At the core of the issue is whether gig workers should be classified as contractors or as employees.

Gig Workers vs. Companies

Large companies like Uber and Lyft, armed with an army of well-financed lobbyist, are working the floors of State Capitols across the country determined to ensure their drivers remain independent contractors. More than just drivers, companies like GrubHub, Handy, Lyft, Postmates, Thumbtack, YourMechanic, and TaskRabbit all have an interest at stake in this issue.

Not so well financed organizations of gig workers and organizations like the National Employment Law Project, a nonprofit worker-advocacy group, often joined by unions, all of whom are fighting to protect the rights of gig workers and to make sure they’re fairly compensated?

When large companies like Uber and Lyft are able to classify workers as contractors, they don’t have to contribute to unemployment insurance or workers’ compensation, or heed minimum-wage and overtime laws. Industry officials estimate that a work force of employees costs companies 20% to 30% more than a work force of contractors — a sum worth many hundreds of millions of dollars per year to Uber.

What makes a worker a contractor?

Different state and federal laws define employment somewhat differently, but most focus on factors like whether managers exert significant control over workers, and whether the work is central to a company’s business.

Uber, Lyft and Handy argue that their workers should be considered contractors because the workers decide when, where and how long they work.
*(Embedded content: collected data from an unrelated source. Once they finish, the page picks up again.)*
(* Consider a single flow on a route of $n$ links $\mathcal{T}_0,\dots,\mathcal{T}_{n-1}$ under the $\phi$-hop interference model, $0\le\phi\le n-1$, with slice widths $w_0=w_1=\dots=w_{n-1}$ all equal. Then the Ordered Round-Robin policy $ORR$ is both throughput-optimal and deadline-optimal.
   Context: Time is slotted. Under $\phi$-hop interference on the line, distinct links $\mathcal{T}_j,\mathcal{T}_{j'}$ cannot be active in the same slot if $|j-j'|\le\phi$. Each link $\mathcal{T}_j$ has a slice of width $w_j$ for the flow with a FCFS queue; the flow has deterministic fluid arrival rate $\lambda>0$ per slot. Units arriving in slot $t$ are available at the first link from slot $t+1$; an activated link serves $\min\{Q,w_j\}$ from its queue of size $Q$; units served at a link in slot $t$ are available at the next link from slot $t+1$; a packet's delay is the slot in which it is served at the last link minus its arrival slot. Policies are admissible (respect interference, work-conserving) and cyclic with period $K^\pi$; $\bar{\mu}^\pi_e=\frac1{K^\pi}\sum_{t=0}^{K^\pi-1}\mu^\pi_e(t)$ is the activation rate of link $e$. Throughput: $\lambda^*(\pi,\boldsymbol{w})=\min_e\bar{\mu}^\pi_e w_e$; $\pi$ is throughput-optimal for $\boldsymbol{w}$ if $\lambda^*(\pi,\boldsymbol{w})\ge\lambda^*(\pi',\boldsymbol{w})$ for all cyclic admissible $\pi'$. Deadlines: $\tau^*(\pi,\boldsymbol{w},\lambda)$ is the maximum packet delay under $\pi$, $\tau^*(\pi)=\lim_{\lambda\to0}\tau^*(\pi,\boldsymbol{w},\lambda)$, and $\pi$ is deadline-optimal if $\tau^*(\pi)\le\tau^*(\pi')$ for all cyclic admissible $\pi'$. The $ORR$ policy has period $\phi+1$ and in slot $t$ activates every link $\mathcal{T}_j$ with $j\equiv t\pmod{\phi+1}$. *)

theory Defs
  imports Complex_Main "HOL-Library.Extended_Real"
begin

text \<open>Links are indexed 0..n-1.  A schedule mu maps a slot t and a link j to
  True iff link j is activated in slot t.  A cyclic policy is a pair (K, mu)
  with period K > 0 and mu (t + K) = mu t.\<close>

type_synonym schedule = "nat \<Rightarrow> nat \<Rightarrow> bool"

definition cyclic_admissible :: "nat \<Rightarrow> nat \<Rightarrow> nat \<Rightarrow> schedule \<Rightarrow> bool" where
  "cyclic_admissible n phi K mu \<longleftrightarrow>
     0 < K \<and> (\<forall>t. mu (t + K) = mu t) \<and>
     (\<forall>t j j'. j < n \<and> j' < n \<and> j \<noteq> j' \<and> mu t j \<and> mu t j'
        \<longrightarrow> phi < nat \<bar>int j - int j'\<bar>)"

definition act_rate :: "nat \<Rightarrow> schedule \<Rightarrow> nat \<Rightarrow> real" where
  "act_rate K mu e = (\<Sum>t<K. if mu t e then 1 else 0) / real K"

definition throughput :: "nat \<Rightarrow> (nat \<Rightarrow> real) \<Rightarrow> nat \<Rightarrow> schedule \<Rightarrow> real" where
  "throughput n w K mu = Min ((\<lambda>e. act_rate K mu e * w e) ` {..<n})"

definition throughput_optimal ::
  "nat \<Rightarrow> nat \<Rightarrow> (nat \<Rightarrow> real) \<Rightarrow> nat \<Rightarrow> schedule \<Rightarrow> bool" where
  "throughput_optimal n phi w K mu \<longleftrightarrow> cyclic_admissible n phi K mu \<and>
     (\<forall>K' mu'. cyclic_admissible n phi K' mu' \<longrightarrow>
        throughput n w K' mu' \<le> throughput n w K mu)"

definition srv :: "schedule \<Rightarrow> (nat \<Rightarrow> real) \<Rightarrow> (nat \<Rightarrow> real) \<Rightarrow> nat \<Rightarrow> nat \<Rightarrow> real" where
  "srv mu w Q t j = (if mu t j then min (Q j) (w j) else 0)"

text \<open>queues mu w lam t j: queue size at link j at the beginning of slot t.
  Arrivals of slot t reach link 0 at slot t+1; service at link j-1 in slot t
  reaches link j at slot t+1.\<close>
fun queues :: "schedule \<Rightarrow> (nat \<Rightarrow> real) \<Rightarrow> real \<Rightarrow> nat \<Rightarrow> nat \<Rightarrow> real" where
  "queues mu w lam 0 = (\<lambda>j. 0)"
| "queues mu w lam (Suc t) = (\<lambda>j.
     queues mu w lam t j - srv mu w (queues mu w lam t) t j
     + (if j = 0 then lam else srv mu w (queues mu w lam t) t (j - 1)))"
(* Let $(X,d)$ be a nonempty compact and rectifiably path-connected metric space and let $F:(X,d)\rightarrow (K(X),H)$ be a set-valued pointwise contraction. Then $F:(X,d_r)\rightarrow(K(X),H_r)$ is shrinking, i.e., $H_r(F(x),F(y))<d_r(x,y)$ for all $x,y\in X$ with $x\neq y$.
   Context: The length of a continuous path $p:[0,1]\to X$ is $l(p)=\sup\sum_{i=1}^n d(p(t_{i-1}),p(t_i))$ over finite partitions $0=t_0<\cdots<t_n=1$; $X$ is rectifiably path-connected if every two points are joined by a continuous path of finite length. $d_r(x,y)=\inf\{l(p):p$ a rectifiable path from $x$ to $y\}$. $K(X)$ is the set of nonempty compact subsets of $X$; $H$ and $H_r$ are the Hausdorff distances associated with $d$ and $d_r$ respectively, where for a metric $\rho$, $H_\rho(A,B)=\max\{\sup_{a\in A}\inf_{b\in B}\rho(a,b),\sup_{b\in B}\inf_{a\in A}\rho(a,b)\}$. $F$ is a set-valued pointwise contraction if for every $x\in X$ there exist $\beta_x\in[0,1)$ and an open neighborhood $N(x)$ with $H(F(x),F(y))\le\beta_x d(x,y)$ for all $y\in N(x)$. *)

theory Defs
  imports "HOL-Analysis.Analysis"
begin

definition path_len :: "(real \<Rightarrow> 'a::metric_space) \<Rightarrow> ereal" where
  "path_len p = (SUP nt \<in> {(n, t). t 0 = (0::real) \<and> t n = 1 \<and> (\<forall>i<n. t i < t (Suc i))}.
      ereal (\<Sum>i<fst nt. dist (p (snd nt i)) (p (snd nt (Suc i)))))"

definition rect_path :: "'a::metric_space set \<Rightarrow> (real \<Rightarrow> 'a) \<Rightarrow> 'a \<Rightarrow> 'a \<Rightarrow> bool" where
  "rect_path X p x y \<longleftrightarrow> continuous_on {0..1} p \<and> p ` {0..1} \<subseteq> X \<and> p 0 = x \<and> p 1 = y
      \<and> path_len p < \<infinity>"

definition rect_path_connected :: "'a::metric_space set \<Rightarrow> bool" where
  "rect_path_connected X \<longleftrightarrow> (\<forall>x\<in>X. \<forall>y\<in>X. \<exists>p. rect_path X p x y)"

definition d_r :: "'a::metric_space set \<Rightarrow> 'a \<Rightarrow> 'a \<Rightarrow> real" where
  "d_r X x y = Inf {real_of_ereal (path_len p) | p. rect_path X p x y}"

definition hdist :: "('a \<Rightarrow> 'a \<Rightarrow> real) \<Rightarrow> 'a set \<Rightarrow> 'a set \<Rightarrow> ereal" where
  "hdist \<rho> A B = max (SUP a\<in>A. ereal (INF b\<in>B. \<rho> a b)) (SUP b\<in>B. ereal (INF a\<in>A. \<rho> a b))"

definition maps_into_KX :: "'a::metric_space set \<Rightarrow> ('a \<Rightarrow> 'a set) \<Rightarrow> bool" where
  "maps_into_KX X F \<longleftrightarrow> (\<forall>x\<in>X. F x \<noteq> {} \<and> compact (F x) \<and> F x \<subseteq> X)"

definition setvalued_pointwise_contraction :: "'a::metric_space set \<Rightarrow> ('a \<Rightarrow> 'a set) \<Rightarrow> bool" where
  "setvalued_pointwise_contraction X F \<longleftrightarrow>
     (\<forall>x\<in>X. \<exists>\<beta> N. 0 \<le> \<beta> \<and> \<beta> < 1 \<and> openin (top_of_set X) N \<and> x \<in> N \<and>
        (\<forall>y\<in>N. hdist dist (F x) (F y) \<le> ereal (\<beta> * dist x y)))"

end

theory Submission
  imports Defs
begin
(* Let $p$ be a hyperbolic polynomial of degree $d$ on $\mathbb{R}^n$, and suppose an evaluation oracle for $p$ is given which returns $p(z)$ for any $z\in\mathbb{C}^n$ in time $\mathcal{T}_O$. Then for any $x\in\mathbb{R}^n$ (with $p(x)\neq0$) and any $w\in\mathbb{R}^n$, the vector $\nabla^2(-\ln p(x))\,w$ can be computed in $O(nd^2\mathcal{T}_O)$ time.
   Context: A hyperbolic polynomial is a real homogeneous polynomial $p$ for which there is a direction $e$ such that $t\mapsto p(te-x)$ has only real roots for all $x\in\mathbb{R}^n$. *)

theory Defs
  imports "HOL-Analysis.Analysis"
begin

text \<open>A polynomial in the variables z_0,...,z_(n-1) is given by a coefficient
  function on exponent vectors alpha :: nat => nat; it must have finite support and
  only use variables below n.\<close>

definition is_poly :: "nat \<Rightarrow> ((nat \<Rightarrow> nat) \<Rightarrow> real) \<Rightarrow> bool" where
  "is_poly n c \<longleftrightarrow> finite {\<alpha>. c \<alpha> \<noteq> 0} \<and> (\<forall>\<alpha>. c \<alpha> \<noteq> 0 \<longrightarrow> (\<forall>i\<ge>n. \<alpha> i = 0))"

definition peval :: "nat \<Rightarrow> ((nat \<Rightarrow> nat) \<Rightarrow> real) \<Rightarrow> (nat \<Rightarrow> 'a::{real_algebra_1,comm_ring_1}) \<Rightarrow> 'a" where
  "peval n c z = (\<Sum>\<alpha>\<in>{\<alpha>. c \<alpha> \<noteq> 0}. of_real (c \<alpha>) * (\<Prod>i<n. z i ^ \<alpha> i))"

definition homog_poly :: "nat \<Rightarrow> nat \<Rightarrow> ((nat \<Rightarrow> nat) \<Rightarrow> real) \<Rightarrow> bool" where
  "homog_poly n d c \<longleftrightarrow> is_poly n c \<and> (\<exists>\<alpha>. c \<alpha> \<noteq> 0) \<and>
     (\<forall>\<alpha>. c \<alpha> \<noteq> 0 \<longrightarrow> (\<Sum>i<n. \<alpha> i) = d)"

definition hyperbolic_poly :: "nat \<Rightarrow> nat \<Rightarrow> ((nat \<Rightarrow> nat) \<Rightarrow> real) \<Rightarrow> bool" where
  "hyperbolic_poly n d c \<longleftrightarrow> homog_poly n d c \<and>
     (\<exists>e::nat \<Rightarrow> real. peval n c e \<noteq> (0::real) \<and>
        (\<forall>x::nat \<Rightarrow> real. \<forall>t::complex.
            peval n c (\<lambda>i. t * of_real (e i) - of_real (x i)) = 0 \<longrightarrow> t \<in> \<real>))"

text \<open>Second partial derivative d_i d_j f at x (vectors are nat => real, coordinates i<n).\<close>
definition hess_entry :: "((nat \<Rightarrow> real) \<Rightarrow> real) \<Rightarrow> (nat \<Rightarrow> real) \<Rightarrow> nat \<Rightarrow> nat \<Rightarrow> real" where
  "hess_entry f x i j =
     deriv (\<lambda>s. deriv (\<lambda>t. f ((x(j := x j + s))(i := (x(j := x j + s)) i + t))) 0) 0"

definition hess_vec :: "nat \<Rightarrow> ((nat \<Rightarrow> real) \<Rightarrow> real) \<Rightarrow> (nat \<Rightarrow> real) \<Rightarrow> (nat \<Rightarrow> real) \<Rightarrow> nat \<Rightarrow> real" where
  "hess_vec n f x w i = (\<Sum>j<n. hess_entry f x i j * w j)"

datatype instr =
    IConst complex
  | IX nat
  | IW nat
  | IAdd nat nat | ISub nat nat | IMul nat nat | IDiv nat nat
  | IOracle "nat list"

definition reg :: "complex list \<Rightarrow> nat \<Rightarrow> complex" where
  "reg rs k = (if k < length rs then rs ! k else 0)"

fun step :: "((nat \<Rightarrow> complex) \<Rightarrow> complex) \<Rightarrow> (nat \<Rightarrow> real) \<Rightarrow> (nat \<Rightarrow> real)
              \<Rightarrow> complex list \<Rightarrow> instr \<Rightarrow> complex list" where
  "step orc x w rs (IConst a) = rs @ [a]"
| "step orc x w rs (IX i) = rs @ [of_real (x i)]"
| "step orc x w rs (IW i) = rs @ [of_real (w i)]"
| "step orc x w rs (IAdd a b) = rs @ [reg rs a + reg rs b]"
| "step orc x w rs (ISub a b) = rs @ [reg rs a - reg rs b]"
| "step orc x w rs (IMul a b) = rs @ [reg rs a * reg rs b]"
| "step orc x w rs (IDiv a b) = rs @ [reg rs a / reg rs b]"
| "step orc x w rs (IOracle args) =
     rs @ [orc (\<lambda>i. if i < length args then reg rs (args ! i) else 0)]"

definition run :: "((nat \<Rightarrow> complex) \<Rightarrow> complex) \<Rightarrow> (nat \<Rightarrow> real) \<Rightarrow> (nat \<Rightarrow> real)
                    \<Rightarrow> instr list \<Rightarrow> complex list" where
  "run orc x w P = foldl (step orc x w) [] P"

fun instr_cost :: "real \<Rightarrow> instr \<Rightarrow> real" where
  "instr_cost T (IOracle _) = T"
| "instr_cost T _ = 1"

definition prog_cost :: "real \<Rightarrow> instr list \<Rightarrow> real" where
  "prog_cost T P = (\<Sum>ins\<leftarrow>P. instr_cost T ins)"

end

theory Submission
  imports Defs "HOL-Computational_Algebra.Polynomial"
begin

text \<open>For \<open>g = - ln \<bar>p\<bar>\<close> the i-th entry of the Hessian-vector product is
  \<open>\<partial>\<^sub>i p \<cdot> D\<^sub>w p / p\<^sup>2 - D\<^sub>w \<partial>\<^sub>i p / p\<close> at x. Every derivative occurring here is a fixed
  linear combination of values of p: the restriction of p to a line is a univariate polynomial of
  degree at most d, so its derivative at 0 is the derivative of its Lagrange interpolant at the
  nodes 0, ..., d. Applied twice, \<open>D\<^sub>w \<partial>\<^sub>i p (x)\<close> is a linear combination of the \<open>(d + 1)\<^sup>2\<close>
  values \<open>p (x + l w + k e\<^sub>i)\<close>. The program first computes the coordinates of the points
  \<open>x + l w\<close>; an oracle call at \<open>x + l w + k e\<^sub>i\<close> then reuses these registers except at
  coordinate i. Hence each coordinate costs \<open>O(d\<^sup>2)\<close> instructions, and \<open>O(n d\<^sup>2)\<close> in total.\<close>

section \<open>Polynomial expressions and directional derivatives\<close>

datatype pexpr = PConst real | PVar nat | PAdd pexpr pexpr | PMult pexpr pexpr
But skeptics argue that the companies exert control through ratings that elicit certain behavior, like treating passengers courteously, and by barring drivers who cancel too many rides. Uber and Lyft also determine pay rates for drivers, something independent contractors typically decide.
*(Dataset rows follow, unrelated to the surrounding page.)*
lemma field_trace_not_identically_zero:
  assumes "1 < q" "1 \<le> t" "card (UNIV :: 'a :: {field, finite} set) = q ^ t"
  shows "\<exists>y :: 'a. field_trace q t y \<noteq> 0"
proof -
  define P :: "'a poly" where "P = (\<Sum>i<t. monom 1 (q ^ i))"
  have poly_P: "poly P x = field_trace q t x" for x
    by (simp add: P_def field_trace_def poly_sum poly_monom)
  have "coeff P (q ^ (t - 1)) = (\<Sum>i<t. if i = t - 1 then 1 else 0)"
    unfolding P_def coeff_sum using assms(1) by (intro sum.cong) (auto simp: coeff_monom)
  also have "\<dots> = 1"
    using assms(2) by simp
  finally have "P \<noteq> 0"
    by auto
  have "degree P \<le> q ^ (t - 1)"
    unfolding P_def
  proof (rule degree_sum_le)
    fix i assume "i \<in> {..<t}"
    then have "q ^ i \<le> q ^ (t - 1)"
      using assms(1) by (intro power_increasing) auto
    then show "degree (monom (1 :: 'a) (q ^ i)) \<le> q ^ (t - 1)"
      using degree_monom_le order.trans by blast
  qed simp
  moreover have "q ^ (t - 1) < q ^ t"
    using assms(1,2) by (intro power_strict_increasing) auto
  ultimately have "card {x. poly P x = 0} < card (UNIV :: 'a set)"
    using card_poly_roots_bound[OF \<open>P \<noteq> 0\<close>] assms(3) by linarith
  then have "{x. poly P x = 0} \<noteq> UNIV"
    by auto
  then show ?thesis
    using poly_P by auto
qed

lemma card_UNIV_le_card_annihilator:
  fixes l :: "'a :: {field, finite} \<Rightarrow> 'a"
  assumes "B_functional B l"
  shows "card (UNIV :: 'a set) \<le> card B ^ length ws * card {c. \<forall>w\<in>set ws. l (c * w) = 0}"
proof -
  define K where "K = {c. \<forall>w\<in>set ws. l (c * w) = 0}"
  define L where "L = {vs. set vs \<subseteq> B \<and> length vs = length ws}"
  define h where "h c = map (\<lambda>w. l (c * w)) ws" for c
  define rep where "rep v = (SOME c. h c = v)" for v
  have h_rep: "h (rep (h c)) = h c" for c
    unfolding rep_def by (rule someI_ex) blast
  \<comment> \<open>The fibres of the \<open>B\<close>-linear map \<open>h\<close> are translates of \<open>K\<close>.\<close>
  have "inj (\<lambda>c. (h c, c - rep (h c)))"
    by (rule injI) auto
  moreover have "(h c, c - rep (h c)) \<in> L \<times> K" for c
  proof -
    have "h c \<in> L"
      using assms unfolding L_def h_def B_functional_def by auto
    moreover have "l ((c - rep (h c)) * w) = 0" if "w \<in> set ws" for w
    proof -
      have "l (rep (h c) * w) = l (c * w)"
        using h_rep that by (auto simp: h_def)
      then show ?thesis
        using B_functional_diff[OF assms] by (simp add: left_diff_distrib)
    qed
    ultimately show ?thesis
      unfolding K_def by simp
  qed
  moreover have "finite (L \<times> K)"
    unfolding L_def using finite_lists_length_eq[of B] by simp
  ultimately have "card (UNIV :: 'a set) \<le> card (L \<times> K)"
    by (intro card_inj_on_le[of _ UNIV]) auto
  also have "\<dots> = card B ^ length ws * card K"
    unfolding L_def by (simp add: card_cartesian_product card_lists_length_eq)
  finally show ?thesis
    unfolding K_def .
qed

text \<open>
  If \<open>n - k\<close> nodes had \<open>c\<close> in their annihilators, a polynomial of degree \<open>< k\<close> vanishing on all
  other nodes would make the right-hand side of the repair equation, multiplied by \<open>c\<close> and
  mapped by \<open>l\<close>, vanish term by term, although its value \<open>l (c f(a\<^sub>0))\<close> can be arranged to be
  nonzero.
\<close>
lemma repair_scheme_card_annihilating_nodes_less:
  fixes B :: "'a :: {field, finite} set" and l :: "'a \<Rightarrow> 'a"
  assumes scheme: "linear_repair_scheme B UNIV k a0 Q W"
    and l: "B_functional B l" "l y \<noteq> 0" and "c \<noteq> 0" and "k < card (UNIV :: 'a set)"
  shows "card {a \<in> UNIV - {a0}. \<forall>w\<in>set (W a). l (c * w) = 0} < card (UNIV :: 'a set) - k"
proof (rule ccontr)
  define U where "U = UNIV - {a0}"
  define Z where "Z = {a \<in> U. \<forall>w\<in>set (W a). l (c * w) = 0}"
  define R where "R = U - Z"
  assume "\<not> ?thesis"
  then have "card (UNIV :: 'a set) - k \<le> card Z"
    unfolding Z_def U_def by simp
  moreover have "card U = card (UNIV :: 'a set) - 1" "Z \<subseteq> U"
    unfolding U_def Z_def by (auto simp: card_Diff_singleton)
  ultimately have "card R < k"
    unfolding R_def using assms(5) card_mono[of U Z] by (simp add: card_Diff_subset)
  define f where "f = smult (y / (c * (\<Prod>a\<in>R. a0 - a))) (\<Prod>a\<in>R. [:- a, 1:])"
  have poly_f: "poly f x = y / (c * (\<Prod>a\<in>R. a0 - a)) * (\<Prod>a\<in>R. x - a)" for x
    unfolding f_def by (simp add: poly_prod)
  have "degree f \<le> card R"
    unfolding f_def using degree_prod_sum_le[of R "\<lambda>a. [:- a, 1:]"] by simp
  then have "RS_poly k f"
    unfolding RS_poly_def using \<open>card R < k\<close> by simp
  then have repair: "poly f a0 = (\<Sum>a\<in>U. \<Sum>j<length (Q a). W a ! j * (Q a ! j) (poly f a))"
    using scheme unfolding linear_repair_scheme_def U_def by blast
  have "(\<Prod>a\<in>R. a0 - a) \<noteq> 0"
    unfolding R_def U_def by auto
  then have "y = c * poly f a0"
    using \<open>c \<noteq> 0\<close> by (simp add: poly_f)
  also have "\<dots> = (\<Sum>a\<in>U. \<Sum>j<length (Q a). (Q a ! j) (poly f a) * (c * W a ! j))"
    unfolding repair by (simp add: sum_distrib_left algebra_simps)
  finally have "l y = (\<Sum>a\<in>U. \<Sum>j<length (Q a). (Q a ! j) (poly f a) * l (c * W a ! j))"
  proof (simp add: B_functional_sum[OF l(1)], intro sum.cong refl)
    fix a j assume "a \<in> U" "j \<in> {..<length (Q a)}"
    then have "(Q a ! j) (poly f a) \<in> B"
      using scheme unfolding linear_repair_scheme_def U_def B_functional_def by auto
    then show "l ((Q a ! j) (poly f a) * (c * W a ! j)) = (Q a ! j) (poly f a) * l (c * W a ! j)"
      using l(1) unfolding B_functional_def by blast
  qed
  also have "\<dots> = 0"
  proof (intro sum.neutral ballI)
    fix a j assume a: "a \<in> U" and j: "j \<in> {..<length (Q a)}"
    show "(Q a ! j) (poly f a) * l (c * W a ! j) = 0"
    proof (cases "a \<in> Z")
      case True
      have "length (W a) = length (Q a)"
        using scheme a unfolding linear_repair_scheme_def U_def by blast
      then show ?thesis
        using True j unfolding Z_def by auto
    next
      case False
      then have "poly f a = 0"
        using a unfolding poly_f R_def by (auto simp: prod_zero_iff)
      moreover have "B_functional B (Q a ! j)"
        using scheme a j unfolding linear_repair_scheme_def U_def by auto
      ultimately show ?thesis
        by (simp add: B_functional_zero)
    qed
  qed
  finally show False
    using l(2) by simp
qed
In recent years, courts and state and federal agencies have disagreed on this question. But there’s little debate that if courts and regulators classified large numbers of gig workers as employees, the move would be highly disruptive to companies that depend on them. 

What gig workers want are benefits, such as paid leave, health insurance, civil rights protections, and the ability to organize.


About 25 states have enacted such provisions, known as carve-outs that have maintained ride-hailing drivers’ classification as independent contractors. In other states, Uber and Lyft worked with a broader group of companies to have most gig workers who are dispatched through digital platforms, not just drivers, classified as contractors.

While company lobbyists have had a recent stream of legislatives successes, they’ve come up short in a few states including Colorado, Georgia, North Carolina and California.

California Passes AB5

Earlier this month, California Governor Gavin Newsom signed into law AB5, which was supposed to move toward classifying more gig workers as employees, but it doesn’t appear clear yet whether the bill will do much to move the issue forward.

All the bill does is to require companies to use a three-part “ABC test” to determine if a worker is an employee or an independent contractor, but the problem with the bill is that the A-B-C requirements are undefined, subjective, and therefore subject to varying interpretations.

The ABC test has been the law in Massachusetts for over a decade, with no discernible impact on the worker classification habits of gig economy platform companies.